**Instructions for the task**
Please read the records below and return each line holding the string "times".

**Available records**
lemma continuous_map_inv_fourier_coeffs:
  "continuous_map (seminorm_topology rapid_seq ssem) (seminorm_topology (H_ra J e) (qsem J e))
     (inv_into (H_ra J e) (fourier_coeffs J e))"
proof -
  let ?g = "inv_into (H_ra J e) (fourier_coeffs J e)"
  have g: "?g a \<in> H_ra J e" "fourier_coeffs J e (?g a) = a" if "a \<in> rapid_seq" for a
    using bij_betw_inv_into[OF bij_betw_fourier_coeffs] bij_betw_inv_into_right[OF bij_betw_fourier_coeffs]
      that by (auto simp: bij_betw_def)
  show ?thesis
  proof (rule continuous_map_seminorm_topology)
    show "?g (a - b) = ?g a - ?g b" if "a \<in> rapid_seq" "b \<in> rapid_seq" for a b
    proof -
      have "fourier_coeffs J e (?g a - ?g b) = a - b" using g that by (simp add: fourier_coeffs_diff)
      then show ?thesis
        using bij_betw_inv_into_left[OF bij_betw_fourier_coeffs H_ra_diff[OF g(1) g(1)]] that by metis
    qed
    show "\<exists>k1 k2 C. C > 0 \<and> (\<forall>a\<in>rapid_seq. qsem J e k (?g a) \<le> C * (ssem k1 a + ssem k2 a))" for k
    proof (intro exI conjI ballI)
      fix a assume a: "a \<in> rapid_seq"
      have "qsem J e k (?g a) \<le> ssem k a + 2 * ssem (Suc k) a"
        using qsem_le_ssem[OF g(1)[OF a], of k] g(2)[OF a] by simp
      then show "qsem J e k (?g a) \<le> 2 * (ssem k a + ssem (Suc k) a)"
        using ssem_nonneg[OF a, of k] by simp
    qed simp
  qed (use g in \<open>auto simp: H_ra_diff rapid_seq_diff qsem_add\<close>)
qed

lemma homeomorphic_map_fourier_coeffs:
  "homeomorphic_map (seminorm_topology (H_ra J e) (qsem J e)) (seminorm_topology rapid_seq ssem)
     (fourier_coeffs J e)"
proof -
  have "topspace (seminorm_topology (H_ra J e) (qsem J e)) = H_ra J e"
    by (rule topspace_seminorm_topology[of _ 0]) simp
  moreover have "topspace (seminorm_topology rapid_seq ssem) = rapid_seq"
    by (rule topspace_seminorm_topology[of _ 0]) simp
  ultimately show ?thesis
    unfolding homeomorphic_map_maps homeomorphic_maps_def
    using continuous_map_fourier_coeffs continuous_map_inv_fourier_coeffs bij_betw_fourier_coeffs
    by (intro exI[of _ "inv_into (H_ra J e) (fourier_coeffs J e)"])
      (auto simp: bij_betw_inv_into_left bij_betw_inv_into_right)
qed

end

theorem theorem2p2:
  fixes J :: "'a::{real_inner, complete_space} \<Rightarrow> 'a" and e :: "nat \<Rightarrow> 'a"
  assumes "complex_structure J"
    and "orthonormal_basis J e"
  shows "frechet_seminorms (H_ra J e) (cscale J) (qsem J e)
    \<and> (\<forall>x. x \<in> H_ra J e \<longleftrightarrow> fourier_coeffs J e x \<in> rapid_seq)
    \<and> bij_betw (fourier_coeffs J e) (H_ra J e) rapid_seq
    \<and> (\<forall>x\<in>H_ra J e. \<forall>y\<in>H_ra J e. fourier_coeffs J e (x + y) = fourier_coeffs J e x + fourier_coeffs J e y)
    \<and> (\<forall>c. \<forall>x\<in>H_ra J e. fourier_coeffs J e (cscale J c x) = seq_scale c (fourier_coeffs J e x))
    \<and> homeomorphic_map (seminorm_topology (H_ra J e) (qsem J e))
                        (seminorm_topology rapid_seq ssem) (fourier_coeffs J e)"
proof -
  interpret complex_onb J e using assms by (rule complex_onb.intro)
  show ?thesis
    using frechet_seminorms_qsem H_ra_iff_fourier_coeffs_rapid_seq bij_betw_fourier_coeffs
      fourier_coeffs_add fourier_coeffs_cscale homeomorphic_map_fourier_coeffs
    by blast
qed

end
definition compatible :: "real \<Rightarrow> ('x \<Rightarrow> real) \<Rightarrow> ('x \<Rightarrow> law) \<Rightarrow> ('x \<Rightarrow> law) \<Rightarrow> bool" where
  "compatible eps rt K K' \<longleftrightarrow>
     (\<forall>x. obs (K' x) = obs (K x)) \<and> assumption1 eps K' \<and> (\<forall>x. rt x \<le> corr (K' x))"

end

theory Submission
  imports Defs
begin

text \<open>Only the joint law of (Y(0), Y(1)) matters for THR and rho, and under
  Assumption 1 its margins are fixed by the data: P(Y(a) = 1) = mu_a. With margins m0, m1 the
  law is determined by THR = t, which ranges over the Frechet interval
  max(0, m0 - m1) <= t <= min(m0, 1 - m1), and rho = (m0 (1 - m1) - t) / s with s the product of
  the standard deviations. So rho >= rho_tilde is the linear constraint t <= m0 (1 - m1) - rho_tilde s,
  the largest admissible t is the minimum of the two upper bounds, and rewriting the Frechet bound
  min(m0, 1 - m1) as m0 (1 - m1) - rho_L s gives the stated formula. The interval is nonempty
  because the true law lies in it, and the law attaining its right end, made independent of A
  with the true propensity score, reproduces the observed data.\<close>

abbreviation sd_prod :: "real \<Rightarrow> real \<Rightarrow> real" where
  "sd_prod m0 m1 \<equiv> sqrt (m0 * (1 - m0) * m1 * (1 - m1))"

lemma sd_prod_pos:
  assumes "0 < m0" "m0 < 1" "0 < m1" "m1 < 1"
  shows "0 < sd_prod m0 m1"
  using assms by simp

lemma frechet_eq_rhoL_bound:
  assumes "0 < m0" "m0 < 1" "0 < m1" "m1 < 1"
  shows "m0 * (1 - m1) - rhoL m0 m1 * sd_prod m0 m1 = min m0 (1 - m1)"
  using sd_prod_pos[OF assms] by (simp add: rhoL_def min_def algebra_simps)

lemma THR_U_eq_clamp:
  assumes "0 < m0" "m0 < 1" "0 < m1" "m1 < 1"
  shows "THR_U m0 m1 rt
    = max (min (min m0 (1 - m1)) (m0 * (1 - m1) - rt * sd_prod m0 m1)) 0"
proof -
  have "max rt (rhoL m0 m1) * sd_prod m0 m1 = max (rt * sd_prod m0 m1) (rhoL m0 m1 * sd_prod m0 m1)"
    using sd_prod_pos[OF assms] by (simp add: max_def mult_right_mono mult_le_cancel_right)
  then show ?thesis
    unfolding THR_U_def frechet_eq_rhoL_bound[OF assms, symmetric]
    by (simp add: max_def min_def)
qed

lemma THR_U_le_frechet:
  assumes "0 < m0" "m0 < 1" "0 < m1" "m1 < 1"
  shows "THR_U m0 m1 rt \<le> min m0 (1 - m1)"
  using assms unfolding THR_U_eq_clamp[OF assms] by (simp add: min_def)

lemma THR_U_eq_min:
  assumes "0 < m0" "m0 < 1" "0 < m1" "m1 < 1" "0 \<le> m0 * (1 - m1) - rt * sd_prod m0 m1"
  shows "THR_U m0 m1 rt = min (min m0 (1 - m1)) (m0 * (1 - m1) - rt * sd_prod m0 m1)"
  using assms unfolding THR_U_eq_clamp[OF assms(1-4)] by simp

lemma UNIV_bool3: "(UNIV :: (bool \<times> bool \<times> bool) set) =
    {(False, False, False), (False, False, True), (False, True, False), (False, True, True),
     (True, False, False), (True, False, True), (True, True, False), (True, True, True)}"
  by auto

lemma prob_bool3_expand:
  "measure_pmf.prob q S =
    (if (False, False, False) \<in> S then pmf q (False, False, False) else 0) +
    (if (False, False, True) \<in> S then pmf q (False, False, True) else 0) +
    (if (False, True, False) \<in> S then pmf q (False, True, False) else 0) +
    (if (False, True, True) \<in> S then pmf q (False, True, True) else 0) +
    (if (True, False, False) \<in> S then pmf q (True, False, False) else 0) +
    (if (True, False, True) \<in> S then pmf q (True, False, True) else 0) +
    (if (True, True, False) \<in> S then pmf q (True, True, False) else 0) +
    (if (True, True, True) \<in> S then pmf q (True, True, True) else 0)"
proof -
  have "measure_pmf.prob q S = (\<Sum>z\<in>UNIV. if z \<in> S then pmf q z else 0)"
    by (simp add: measure_measure_pmf_finite sum.inter_restrict[symmetric])
  then show ?thesis
    unfolding UNIV_bool3 by (simp add: add.assoc)
qed
(* Let $f^*$ be any maximum flow in $\mathcal{H}$ and $\mathcal{H}_{f^*}$ the residual graph. Let $V_1$ be a nonempty subset of $V$, $\Lambda_1=\{\lambda\in\Lambda:\lambda\subseteq V_1\}$, and $\mathcal{S}=\{s\}\cup V_1\cup\Lambda_1$. The following are equivalent: (1) $V_1$ induces an $h$-clique densest subgraph of $G$, i.e. $\rho_h(V_1)=\rho_h^*$; (2) $(\mathcal{S},V_\mathcal{H}\setminus\mathcal{S})$ is a minimum $s$-$t$ cut of $\mathcal{H}$; (3) there is no arc in $\mathcal{H}_{f^*}$ from a node of $\mathcal{S}$ to a node of $V_\mathcal{H}\setminus\mathcal{S}$.
   Context: Let $G=(V,E)$ be a finite simple undirected graph and $h\ge2$. An $h$-clique is a set of $h$ pairwise adjacent nodes; $\mu_h(G[W])$ counts $h$-cliques inside $W$; for nonempty $W$, $\rho_h(W)=\mu_h(G[W])/|W|$; $\rho_h^*=\max_{\emptyset\ne W\subseteq V}\rho_h(W)$; $deg_G(v,h)$ is the number of $h$-cliques containing $v$; $\Lambda$ is the set of $(h-1)$-cliques of $G$ contained in some $h$-clique. Flow network $\mathcal{H}=(V_\mathcal{H},E_\mathcal{H},c)$: $V_\mathcal{H}=V\cup\Lambda\cup\{s,t\}$; for $v\in V$: arcs $(s,v)$ cap. $deg_G(v,h)$, $(v,t)$ cap. $h\rho_h^*$, $(v,s),(t,v)$ cap. $0$; for $\lambda\in\Lambda$, $v\in\lambda$: $(\lambda,v)$ cap. $+\infty$, $(v,\lambda)$ cap. $0$; for $\lambda\in\Lambda$, $v\in V$ with $\lambda\cup\{v\}$ an $h$-clique: $(v,\lambda)$ cap. $1$, $(\lambda,v)$ cap. $0$; no other arcs. A flow $f$ assigns reals to arcs with $f(u,v)\le c(u,v)$, $f(v,u)=-f(u,v)$, and conservation at every node other than $s,t$; its value is $\sum_v f(s,v)$. The residual graph $\mathcal{H}_{f}$ is the directed graph on $V_\mathcal{H}$ having an arc $(u,v)$ whenever $(u,v)\in E_\mathcal{H}$ and $c(u,v)-f(u,v)>0$. Cut capacities are sums of capacities of arcs from $\mathcal{S}$ to its complement. *)

theory Defs
  imports "HOL-Library.Extended_Real"
begin

definition simple_graph :: "'a set \<Rightarrow> 'a set set \<Rightarrow> bool" where
  "simple_graph V E \<longleftrightarrow> finite V \<and> (\<forall>e\<in>E. e \<subseteq> V \<and> card e = 2)"

definition cliques :: "'a set \<Rightarrow> 'a set set \<Rightarrow> nat \<Rightarrow> 'a set set" where
  "cliques V E h = {K. K \<subseteq> V \<and> card K = h \<and> (\<forall>u\<in>K. \<forall>v\<in>K. u \<noteq> v \<longrightarrow> {u, v} \<in> E)}"

definition mu :: "'a set \<Rightarrow> 'a set set \<Rightarrow> nat \<Rightarrow> 'a set \<Rightarrow> nat" where
  "mu V E h W = card {K \<in> cliques V E h. K \<subseteq> W}"

definition rho :: "'a set \<Rightarrow> 'a set set \<Rightarrow> nat \<Rightarrow> 'a set \<Rightarrow> real" where
  "rho V E h W = real (mu V E h W) / real (card W)"

definition rho_star :: "'a set \<Rightarrow> 'a set set \<Rightarrow> nat \<Rightarrow> real" where
  "rho_star V E h = Max (rho V E h ` {W. W \<subseteq> V \<and> W \<noteq> {}})"

definition cdeg :: "'a set \<Rightarrow> 'a set set \<Rightarrow> nat \<Rightarrow> 'a \<Rightarrow> nat" where
  "cdeg V E h v = card {K \<in> cliques V E h. v \<in> K}"

definition Lam :: "'a set \<Rightarrow> 'a set set \<Rightarrow> nat \<Rightarrow> 'a set set" where
  "Lam V E h = {l \<in> cliques V E (h - 1). \<exists>K \<in> cliques V E h. l \<subseteq> K}"

datatype 'a fnode = Src | Snk | VN 'a | LN "'a set"

definition netV :: "'a set \<Rightarrow> 'a set set \<Rightarrow> nat \<Rightarrow> 'a fnode set" where
  "netV V E h = {Src, Snk} \<union> VN ` V \<union> LN ` Lam V E h"

definition netE :: "'a set \<Rightarrow> 'a set set \<Rightarrow> nat \<Rightarrow> ('a fnode \<times> 'a fnode) set" where
  "netE V E h =
     {(Src, VN v) | v. v \<in> V} \<union> {(VN v, Src) | v. v \<in> V}
   \<union> {(VN v, Snk) | v. v \<in> V} \<union> {(Snk, VN v) | v. v \<in> V}
   \<union> {(LN l, VN v) | l v. l \<in> Lam V E h \<and> v \<in> l}
   \<union> {(VN v, LN l) | l v. l \<in> Lam V E h \<and> v \<in> l}
   \<union> {(VN v, LN l) | l v. l \<in> Lam V E h \<and> v \<in> V \<and> insert v l \<in> cliques V E h \<and> v \<notin> l}
   \<union> {(LN l, VN v) | l v. l \<in> Lam V E h \<and> v \<in> V \<and> insert v l \<in> cliques V E h \<and> v \<notin> l}"

text \<open>Capacities (only meaningful on arcs of netE).\<close>
definition cap :: "'a set \<Rightarrow> 'a set set \<Rightarrow> nat \<Rightarrow> 'a fnode \<Rightarrow> 'a fnode \<Rightarrow> ereal" where
  "cap V E h u w =
     (case (u, w) of
        (Src, VN v) \<Rightarrow> ereal (real (cdeg V E h v))
      | (VN v, Snk) \<Rightarrow> ereal (real h * rho_star V E h)
      | (LN l, VN v) \<Rightarrow> (if v \<in> l then \<infinity> else 0)
      | (VN v, LN l) \<Rightarrow> (if v \<notin> l \<and> insert v l \<in> cliques V E h then 1 else 0)
      | _ \<Rightarrow> 0)"

definition is_flow :: "'a set \<Rightarrow> 'a set set \<Rightarrow> nat \<Rightarrow> ('a fnode \<Rightarrow> 'a fnode \<Rightarrow> real) \<Rightarrow> bool" where
  "is_flow V E h f \<longleftrightarrow>
     (\<forall>(u, w) \<in> netE V E h. ereal (f u w) \<le> cap V E h u w \<and> f w u = - f u w)
   \<and> (\<forall>u w. (u, w) \<notin> netE V E h \<longrightarrow> f u w = 0)
   \<and> (\<forall>u \<in> netV V E h - {Src, Snk}. (\<Sum>w\<in>netV V E h. f u w) = 0)"

definition flow_value :: "'a set \<Rightarrow> ('a fnode \<Rightarrow> 'a fnode \<Rightarrow> real) \<Rightarrow> real" where
  "flow_value V f = (\<Sum>v\<in>V. f Src (VN v))"

definition is_max_flow :: "'a set \<Rightarrow> 'a set set \<Rightarrow> nat \<Rightarrow> ('a fnode \<Rightarrow> 'a fnode \<Rightarrow> real) \<Rightarrow> bool" where
  "is_max_flow V E h f \<longleftrightarrow> is_flow V E h f \<and>
     (\<forall>g. is_flow V E h g \<longrightarrow> flow_value V g \<le> flow_value V f)"

definition residual_arc :: "'a set \<Rightarrow> 'a set set \<Rightarrow> nat \<Rightarrow> ('a fnode \<Rightarrow> 'a fnode \<Rightarrow> real) \<Rightarrow> 'a fnode \<Rightarrow> 'a fnode \<Rightarrow> bool" where
  "residual_arc V E h f u w \<longleftrightarrow> (u, w) \<in> netE V E h \<and> cap V E h u w - ereal (f u w) > 0"

definition is_st_cut :: "'a set \<Rightarrow> 'a set set \<Rightarrow> nat \<Rightarrow> 'a fnode set \<Rightarrow> bool" where
  "is_st_cut V E h X \<longleftrightarrow> X \<subseteq> netV V E h \<and> Src \<in> X \<and> Snk \<notin> X"

definition cut_cap :: "'a set \<Rightarrow> 'a set set \<Rightarrow> nat \<Rightarrow> 'a fnode set \<Rightarrow> ereal" where
  "cut_cap V E h X = (\<Sum>(u, w) \<in> {(u, w) \<in> netE V E h. u \<in> X \<and> w \<notin> X}. cap V E h u w)"

definition is_min_st_cut :: "'a set \<Rightarrow> 'a set set \<Rightarrow> nat \<Rightarrow> 'a fnode set \<Rightarrow> bool" where
  "is_min_st_cut V E h X \<longleftrightarrow> is_st_cut V E h X \<and>
     (\<forall>Y. is_st_cut V E h Y \<longrightarrow> cut_cap V E h X \<le> cut_cap V E h Y)"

**Solution**
lemma UNIV_bool3: "(UNIV :: (bool \<times> bool \<times> bool) set) =
definition netE :: "'a set \<Rightarrow> 'a set set \<Rightarrow> nat \<Rightarrow> ('a fnode \<times> 'a fnode) set" where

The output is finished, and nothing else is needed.